INFORMATION PROVIDED =
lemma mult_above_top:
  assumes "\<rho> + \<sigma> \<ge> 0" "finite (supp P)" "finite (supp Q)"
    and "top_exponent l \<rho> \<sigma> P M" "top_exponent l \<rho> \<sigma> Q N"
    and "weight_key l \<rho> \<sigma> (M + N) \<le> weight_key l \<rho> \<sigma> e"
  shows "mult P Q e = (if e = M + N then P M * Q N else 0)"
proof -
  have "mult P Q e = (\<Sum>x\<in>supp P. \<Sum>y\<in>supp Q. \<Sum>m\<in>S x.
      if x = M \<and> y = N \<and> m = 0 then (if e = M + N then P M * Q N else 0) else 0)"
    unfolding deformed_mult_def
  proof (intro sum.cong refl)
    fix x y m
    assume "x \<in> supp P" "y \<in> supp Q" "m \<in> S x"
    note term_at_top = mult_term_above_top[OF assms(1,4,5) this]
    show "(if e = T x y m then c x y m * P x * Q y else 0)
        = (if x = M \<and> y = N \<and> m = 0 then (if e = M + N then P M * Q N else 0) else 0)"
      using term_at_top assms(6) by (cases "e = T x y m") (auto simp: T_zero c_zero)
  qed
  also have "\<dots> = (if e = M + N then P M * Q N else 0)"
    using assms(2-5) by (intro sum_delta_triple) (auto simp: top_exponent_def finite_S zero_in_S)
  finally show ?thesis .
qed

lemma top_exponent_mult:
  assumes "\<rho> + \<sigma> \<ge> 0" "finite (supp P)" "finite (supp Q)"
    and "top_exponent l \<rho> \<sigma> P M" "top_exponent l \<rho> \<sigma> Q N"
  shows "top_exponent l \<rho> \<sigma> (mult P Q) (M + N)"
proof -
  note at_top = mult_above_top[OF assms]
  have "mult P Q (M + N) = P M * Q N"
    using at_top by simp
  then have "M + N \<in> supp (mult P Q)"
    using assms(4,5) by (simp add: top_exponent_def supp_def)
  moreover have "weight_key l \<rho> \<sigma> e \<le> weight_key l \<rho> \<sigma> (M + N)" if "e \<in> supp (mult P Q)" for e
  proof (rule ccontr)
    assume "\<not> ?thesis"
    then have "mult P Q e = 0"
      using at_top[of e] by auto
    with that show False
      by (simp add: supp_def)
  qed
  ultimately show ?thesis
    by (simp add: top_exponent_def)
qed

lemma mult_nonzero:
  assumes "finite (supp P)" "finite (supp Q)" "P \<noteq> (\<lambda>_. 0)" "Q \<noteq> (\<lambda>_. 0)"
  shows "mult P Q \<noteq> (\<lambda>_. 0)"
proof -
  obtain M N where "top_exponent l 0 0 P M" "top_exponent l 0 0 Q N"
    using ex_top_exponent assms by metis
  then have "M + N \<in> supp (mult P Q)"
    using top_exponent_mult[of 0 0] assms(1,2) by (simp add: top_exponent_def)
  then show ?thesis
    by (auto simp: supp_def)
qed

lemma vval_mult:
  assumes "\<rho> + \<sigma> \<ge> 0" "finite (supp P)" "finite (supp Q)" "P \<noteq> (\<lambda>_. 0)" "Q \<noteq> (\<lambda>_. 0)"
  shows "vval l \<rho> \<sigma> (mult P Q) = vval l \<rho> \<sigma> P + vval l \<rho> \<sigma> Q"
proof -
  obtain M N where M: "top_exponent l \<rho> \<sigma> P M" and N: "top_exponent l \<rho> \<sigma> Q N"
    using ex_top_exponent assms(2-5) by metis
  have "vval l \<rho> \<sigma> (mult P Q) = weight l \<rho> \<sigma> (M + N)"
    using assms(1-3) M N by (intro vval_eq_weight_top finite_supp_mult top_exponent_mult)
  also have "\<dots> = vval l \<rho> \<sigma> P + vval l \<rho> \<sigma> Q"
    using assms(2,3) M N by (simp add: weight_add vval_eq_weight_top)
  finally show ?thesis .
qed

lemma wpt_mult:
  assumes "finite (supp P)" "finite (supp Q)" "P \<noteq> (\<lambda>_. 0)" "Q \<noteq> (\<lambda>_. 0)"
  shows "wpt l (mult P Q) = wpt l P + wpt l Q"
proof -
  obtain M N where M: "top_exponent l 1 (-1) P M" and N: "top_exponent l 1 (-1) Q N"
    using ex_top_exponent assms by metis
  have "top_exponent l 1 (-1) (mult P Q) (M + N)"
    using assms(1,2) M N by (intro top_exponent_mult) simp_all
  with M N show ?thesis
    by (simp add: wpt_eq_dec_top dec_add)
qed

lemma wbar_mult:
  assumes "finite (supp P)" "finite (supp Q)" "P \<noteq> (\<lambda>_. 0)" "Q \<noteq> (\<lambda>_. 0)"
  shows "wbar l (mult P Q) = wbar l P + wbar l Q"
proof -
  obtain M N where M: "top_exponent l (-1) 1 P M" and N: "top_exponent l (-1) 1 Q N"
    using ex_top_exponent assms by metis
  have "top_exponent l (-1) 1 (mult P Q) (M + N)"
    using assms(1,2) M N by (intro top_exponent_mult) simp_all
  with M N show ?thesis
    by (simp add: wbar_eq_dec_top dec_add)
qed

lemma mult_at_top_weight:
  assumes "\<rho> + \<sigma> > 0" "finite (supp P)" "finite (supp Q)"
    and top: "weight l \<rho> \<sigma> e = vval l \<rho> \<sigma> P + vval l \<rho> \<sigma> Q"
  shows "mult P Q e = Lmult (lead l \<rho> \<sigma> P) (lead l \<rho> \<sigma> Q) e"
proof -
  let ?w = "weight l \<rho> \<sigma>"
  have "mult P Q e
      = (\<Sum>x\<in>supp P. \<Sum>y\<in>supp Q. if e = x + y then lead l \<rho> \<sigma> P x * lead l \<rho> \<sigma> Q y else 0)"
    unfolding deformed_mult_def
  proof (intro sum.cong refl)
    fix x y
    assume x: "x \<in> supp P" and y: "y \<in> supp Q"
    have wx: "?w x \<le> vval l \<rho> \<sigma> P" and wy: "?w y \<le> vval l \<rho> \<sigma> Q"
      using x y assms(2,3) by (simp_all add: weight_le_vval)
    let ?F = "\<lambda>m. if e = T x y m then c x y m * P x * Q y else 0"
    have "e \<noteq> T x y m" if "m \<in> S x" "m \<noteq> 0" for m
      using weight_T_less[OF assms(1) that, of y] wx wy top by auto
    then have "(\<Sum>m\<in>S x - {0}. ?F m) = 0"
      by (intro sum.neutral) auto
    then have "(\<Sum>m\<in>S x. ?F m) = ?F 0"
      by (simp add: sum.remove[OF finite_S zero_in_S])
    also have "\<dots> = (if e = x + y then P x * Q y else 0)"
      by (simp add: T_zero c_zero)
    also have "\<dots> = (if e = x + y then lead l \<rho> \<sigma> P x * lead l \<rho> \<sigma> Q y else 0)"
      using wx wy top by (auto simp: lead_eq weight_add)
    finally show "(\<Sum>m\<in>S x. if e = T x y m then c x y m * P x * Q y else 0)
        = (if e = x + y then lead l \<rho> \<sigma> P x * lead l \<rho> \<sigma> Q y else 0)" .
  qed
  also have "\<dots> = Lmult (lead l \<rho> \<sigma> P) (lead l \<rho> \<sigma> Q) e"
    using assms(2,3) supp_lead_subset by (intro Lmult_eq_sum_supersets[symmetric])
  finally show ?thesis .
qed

BRIEF = Print only the lines from the top of the data above down to the line holding "note term_at_top = mult_term_above_top[OF", inclusive.

OUTPUT OF THE TASK =
lemma mult_above_top:
  assumes "\<rho> + \<sigma> \<ge> 0" "finite (supp P)" "finite (supp Q)"
    and "top_exponent l \<rho> \<sigma> P M" "top_exponent l \<rho> \<sigma> Q N"
    and "weight_key l \<rho> \<sigma> (M + N) \<le> weight_key l \<rho> \<sigma> e"
  shows "mult P Q e = (if e = M + N then P M * Q N else 0)"
proof -
  have "mult P Q e = (\<Sum>x\<in>supp P. \<Sum>y\<in>supp Q. \<Sum>m\<in>S x.
      if x = M \<and> y = N \<and> m = 0 then (if e = M + N then P M * Q N else 0) else 0)"
    unfolding deformed_mult_def
  proof (intro sum.cong refl)
    fix x y m
    assume "x \<in> supp P" "y \<in> supp Q" "m \<in> S x"
    note term_at_top = mult_term_above_top[OF assms(1,4,5) this]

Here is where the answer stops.